Word for word, set down every line of the entries below from the line with "shows False" to the line with "using interval_seg_meets_horizontal[OF w", including both, and no other line.

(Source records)
━━━━━━━━━━

(* For all integers $n\ge1$ and $0\le i\le n-1$, the simplicial shelling components satisfy $$\Theta(\check{\Phi}_{n,i})=q^{i}\cdot[2(n-i)]\cdot[n-1]!.$$
   Context: $\mathbf{a},\mathbf{b}$ are non-commuting variables and $\mathbf{c}=\mathbf{a}+\mathbf{b}$. For a graded poset $P$ of rank $m+1$ with minimum $\hat0$, maximum $\hat1$ and rank function $\rho$, its $\mathbf{a}\mathbf{b}$-index is $\Psi(P)=\sum_{S\subseteq\{1,\dots,m\}} f_S\, v_S$, where for $S=\{s_1<\cdots<s_k\}$, $f_S$ is the number of chains $\hat0<x_1<\cdots<x_k<\hat1$ with $\rho(x_i)=s_i$, and $v_S=v_1\cdots v_m$ with $v_i=\mathbf{b}$ if $i\in S$, $v_i=\mathbf{a}-\mathbf{b}$ otherwise. $B_n$ is the Boolean algebra of rank $n$. $G$ is the derivation of $\mathbb{Z}\langle\mathbf{a},\mathbf{b}\rangle$ with $G(1)=0$, $G(\mathbf{a})=\mathbf{b}\mathbf{a}$, $G(\mathbf{b})=\mathbf{a}\mathbf{b}$. The simplicial shelling components are defined by $\check{\Phi}_{n,0}=\Psi(B_n)\cdot\mathbf{c}$ for $n\ge1$ and $\check{\Phi}_{n,i}=G(\check{\Phi}_{n-1,i-1})$ for $1\le i\le n-1$. The Major MacMahon map $\Theta:\mathbb{Z}\langle\mathbf{a},\mathbf{b}\rangle\to\mathbb{Z}[q]$ is linear with $\Theta(u_1\cdots u_n)=\prod_{i:\,u_i=\mathbf{b}}q^i$ on monomials. $[m]=1+q+\cdots+q^{m-1}$, $[m]!=[m]\cdots[1]$, $[0]!=1$. *)

theory Defs
  imports "HOL-Computational_Algebra.Polynomial"
begin

datatype letter = La | Lb

type_synonym word = "letter list"
lemma interval_segs_asteroid_free:
  assumes lines: "c1 \<noteq> c2"
    and ends: "interval_seg c1 c2 a \<or> perm_seg c1 c2 a" "interval_seg c1 c2 e \<or> perm_seg c1 c2 e"
    and intervals: "interval_seg c1 c2 b" "interval_seg c1 c2 c" "interval_seg c1 c2 d"
      "interval_seg c1 c2 w" "interval_seg c1 c2 z"
    and edges: "seg_set a \<inter> seg_set b \<noteq> {}" "seg_set b \<inter> seg_set c \<noteq> {}"
      "seg_set c \<inter> seg_set d \<noteq> {}" "seg_set d \<inter> seg_set e \<noteq> {}"
      "seg_set c \<inter> seg_set w \<noteq> {}" "seg_set w \<inter> seg_set z \<noteq> {}"
    and z_far: "seg_set z \<inter> (seg_set a \<union> seg_set b \<union> seg_set c \<union> seg_set d \<union> seg_set e) = {}"
    and a_far: "seg_set a \<inter> (seg_set c \<union> seg_set d \<union> seg_set e \<union> seg_set w) = {}"
    and e_far: "seg_set e \<inter> (seg_set b \<union> seg_set c \<union> seg_set w) = {}"
  shows False
proof -
  obtain y where c: "horizontal y c" and y: "y = c1 \<or> y = c2"
    using interval_seg_horizontal[OF intervals(2)] by blast
  have b: "horizontal y b" and d: "horizontal y d" and w: "horizontal y w"
    using interval_seg_meets_horizontal[OF c] intervals(1,3,4) edges(2,3,5) by (auto simp: Int_commute)
  have z: "horizontal y z"
    using interval_seg_meets_horizontal[OF w intervals(5) edges(6)] .
  have "line_trace y a \<noteq> {}" "line_trace y e \<noteq> {}"
    using ends interval_seg_meets_horizontal[OF b] interval_seg_meets_horizontal[OF d] edges(1,4)
      horizontal_line_trace_ne perm_line_trace_ne[OF _ lines y] by (metis Int_commute)+
  moreover have "line_trace y z \<noteq> {}"
    using horizontal_line_trace_ne[OF z] .
  ultimately obtain pa pe pz where p: "pa \<in> line_trace y a" "pe \<in> line_trace y e" "pz \<in> line_trace y z"
    by blast
  have meets: "line_trace y a \<inter> line_trace y b \<noteq> {}" "line_trace y b \<inter> line_trace y c \<noteq> {}" "line_trace y c \<inter> line_trace y d \<noteq> {}"
    "line_trace y d \<inter> line_trace y e \<noteq> {}" "line_trace y c \<inter> line_trace y w \<noteq> {}" "line_trace y w \<inter> line_trace y z \<noteq> {}"
    using horizontal_meets_imp_line_trace_meets b c d w edges by (metis Int_commute)+
  have "connected (line_trace y a \<union> line_trace y b \<union> line_trace y c \<union> line_trace y d \<union> line_trace y e)"
    by (rule connected_Un connected_line_trace | use meets in blast)+
  moreover have "connected (line_trace y e \<union> line_trace y d \<union> line_trace y c \<union> line_trace y w \<union> line_trace y z)"
    by (rule connected_Un connected_line_trace | use meets in blast)+
  moreover have "connected (line_trace y a \<union> line_trace y b \<union> line_trace y c \<union> line_trace y w \<union> line_trace y z)"
    by (rule connected_Un connected_line_trace | use meets in blast)+
  moreover have "pz \<notin> line_trace y a \<union> line_trace y b \<union> line_trace y c \<union> line_trace y d \<union> line_trace y e"
    "pa \<notin> line_trace y e \<union> line_trace y d \<union> line_trace y c \<union> line_trace y w \<union> line_trace y z"
    "pe \<notin> line_trace y a \<union> line_trace y b \<union> line_trace y c \<union> line_trace y w \<union> line_trace y z"
    using p z_far a_far e_far unfolding line_trace_def by blast+
  ultimately show False
    using real_connected_no_asteroidal_triple p by blast
qed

━━━━━━━━━━

_EXERCISE OUTPUT:_
  shows False
proof -
  obtain y where c: "horizontal y c" and y: "y = c1 \<or> y = c2"
    using interval_seg_horizontal[OF intervals(2)] by blast
  have b: "horizontal y b" and d: "horizontal y d" and w: "horizontal y w"
    using interval_seg_meets_horizontal[OF c] intervals(1,3,4) edges(2,3,5) by (auto simp: Int_commute)
  have z: "horizontal y z"
    using interval_seg_meets_horizontal[OF w intervals(5) edges(6)] .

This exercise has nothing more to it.